So here's a bit of history I didn't know. During the Revolutionary War, the British promised freedom to any slave who would help them defeat the colonists. Unfortunately the British lost but before there was any kind of USA and before the Red Coats headed back to England, they tried to make good on their promise. They collected the names of any Negro who could show that they had helped and put those identified on ships to Nova Scotia with promises of free land. This record became the real "Book of Negroes." Pages of this book can be found in museums in Canada, England and our National Archives Public Records Office. The promise of free land was not so real.

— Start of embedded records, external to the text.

(* Let $n\ge0$ be an integer and define $\tilde\Phi_n:(-1,1)\to\mathbb R$ by $$\tilde\Phi_n(t)=\sum_{k=0}^\infty\alpha_k^{(n)}Q_k(t).$$ Let $t_1<\dots<t_n$ be the roots of $\psi_n$ in $(-1,1)$. Then for every $j=1,\dots,n$, $$\tilde\Phi_n(t_j)=\frac12\int_{-1}^1\frac{\psi_n(t)\,dt}{t_j-t}.$$
   Context: For a real number $c>0$, let $\psi_0,\psi_1,\dots$ be the prolate spheroidal wave functions of band limit $c$: the real $L^2[-1,1]$-normalized eigenfunctions of $F_c[\varphi](x)=\int_{-1}^1\varphi(t)e^{icxt}\,dt$ (eigenvalues ordered by decreasing absolute value); $\psi_n$ has exactly $n$ simple roots in $(-1,1)$. Let $P_k$ be the Legendre polynomials, and $\alpha_k^{(n)}=(k+\tfrac12)\int_{-1}^1\psi_n(x)P_k(x)\,dx$, so that $\psi_n=\sum_k\alpha_k^{(n)}P_k$ on $[-1,1]$. The Legendre functions of the second kind are $Q_0(t)=\frac12\log\frac{1+t}{1-t}$, $Q_1(t)=\frac t2\log\frac{1+t}{1-t}-1$, and $(k+1)Q_{k+1}(t)=(2k+1)tQ_k(t)-kQ_{k-1}(t)$ for $k\ge1$. *)

theory Defs
  imports "HOL-Analysis.Analysis"
begin

fun legendreP :: "nat \<Rightarrow> real \<Rightarrow> real" where
  "legendreP 0 x = 1"
| "legendreP (Suc 0) x = x"
| "legendreP (Suc (Suc k)) x =
     ((2 * real k + 3) * x * legendreP (Suc k) x - (real k + 1) * legendreP k x) / (real k + 2)"

fun legendreQ :: "nat \<Rightarrow> real \<Rightarrow> real" where
  "legendreQ 0 t = ln ((1 + t) / (1 - t)) / 2"
| "legendreQ (Suc 0) t = t / 2 * ln ((1 + t) / (1 - t)) - 1"
| "legendreQ (Suc (Suc k)) t =
     ((2 * real k + 3) * t * legendreQ (Suc k) t - (real k + 1) * legendreQ k t) / (real k + 2)"

definition Fc :: "real \<Rightarrow> (real \<Rightarrow> complex) \<Rightarrow> real \<Rightarrow> complex" where
  "Fc c \<phi> x = integral {-1..1} (\<lambda>t. \<phi> t * exp (\<i> * complex_of_real (c * x * t)))"

text \<open>Eigenvalues of F_c (eigenfunctions are entire, so continuity on [-1,1] loses nothing).\<close>
definition Fc_eigenvalue :: "real \<Rightarrow> complex \<Rightarrow> bool" where
  "Fc_eigenvalue c \<mu> \<longleftrightarrow>
     (\<exists>\<phi> :: real \<Rightarrow> complex. continuous_on {-1..1} \<phi> \<and> (\<exists>x\<in>{-1..1}. \<phi> x \<noteq> 0) \<and>
        (\<forall>x\<in>{-1..1}. Fc c \<phi> x = \<mu> * \<phi> x))"

text \<open>psi is (a choice of sign of) the n-th prolate spheroidal wave function of band limit c:
  a real, L^2[-1,1]-normalized eigenfunction of F_c whose eigenvalue is preceded by exactly
  n eigenvalues of strictly larger absolute value (ordering by decreasing absolute value).\<close>
definition is_pswf :: "real \<Rightarrow> nat \<Rightarrow> (real \<Rightarrow> real) \<Rightarrow> bool" where
  "is_pswf c n \<psi> \<longleftrightarrow>
     continuous_on {-1..1} \<psi> \<and>
     integral {-1..1} (\<lambda>x. (\<psi> x)\<^sup>2) = 1 \<and>
     (\<exists>lam. (\<forall>x\<in>{-1..1}. Fc c (\<lambda>t. complex_of_real (\<psi> t)) x = lam * complex_of_real (\<psi> x)) \<and>
          finite {\<mu>. Fc_eigenvalue c \<mu> \<and> cmod \<mu> > cmod lam} \<and>
          card {\<mu>. Fc_eigenvalue c \<mu> \<and> cmod \<mu> > cmod lam} = n)"

definition legendre_coeff :: "(real \<Rightarrow> real) \<Rightarrow> nat \<Rightarrow> real" where
  "legendre_coeff \<psi> k = (real k + 1/2) * integral {-1..1} (\<lambda>x. \<psi> x * legendreP k x)"

end

theory Submission
  imports Defs
begin

text \<open>
  Since \<open>\<psi>\<close> is an eigenfunction of \<open>F\<^sub>c\<close>, it is the restriction of an entire function whose
  Taylor coefficients decay like \<open>c\<^sup>m / m!\<close>. At a root \<open>t\<close> the quotient
  \<open>G s = \<psi> s / (t - s)\<close> is therefore again an everywhere convergent power series. The
  Christoffel--Darboux formula turns the \<open>N\<close>-th partial sum of \<open>\<Sum>\<^sub>k \<alpha>\<^sub>k Q\<^sub>k t\<close> into half the
  integral of \<open>G\<close> minus a boundary term involving \<open>\<integral> G P\<^sub>N\<close> and \<open>\<integral> G P\<^sub>N\<^sub>+\<^sub>1\<close>. As \<open>P\<^sub>N\<close> is
  orthogonal to all polynomials of degree below \<open>N\<close>, only the tail of the power series of \<open>G\<close>
  contributes to these integrals, and its factorial decay beats the crude geometric bounds
  \<open>\<bar>P\<^sub>k\<bar>, \<bar>Q\<^sub>k t\<bar> = O(3\<^sup>k)\<close>, so the boundary term tends to zero.
\<close>

section \<open>Legendre functions\<close>

lemma continuous_on_legendreP [continuous_intros]: "continuous_on S (legendreP k)"
proof -
  have "continuous_on S (\<lambda>x. legendreP k x)"
    by (induction k rule: induct_nat_012) (auto intro!: continuous_intros)
  then show ?thesis
    by simp
qed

This is the story of Aminata Diallo who could` have been one of the names in that book. But her story starts much earlier. As an 11 year old girl, in 1745, she is taken from her village and marched to the West Coast of Africa where she joined hundreds of others on a ship bound for the Americas. Her mother had trained her to deliver babies and her father had taught her to read some of the Koran but neither parent survived to make the horrible journey across the Atlantic. For various reasons, Aminata has some freedom to move about the ship and, as she does, those who are chained together call out their names to her. As she moves back and forth, she calls them back proving that she will remember. It is a belief in many of the West African cultures that you die twice. Once when your body dies and again when your name is no longer spoken. This struggle to remember is one of my favorite parts of the book.
Hill wisely starts the book with Aminata's adult story so you know she not only survives but has obtained a position of some importance. Knowing this made the heart braking story of her life possible to read. This is one of the best personal slave stories I have ever read. I hope that the strong and brilliant ways she manages to make her way to freedom were just as possible as the horrible side of slavery was true. And that we will remember.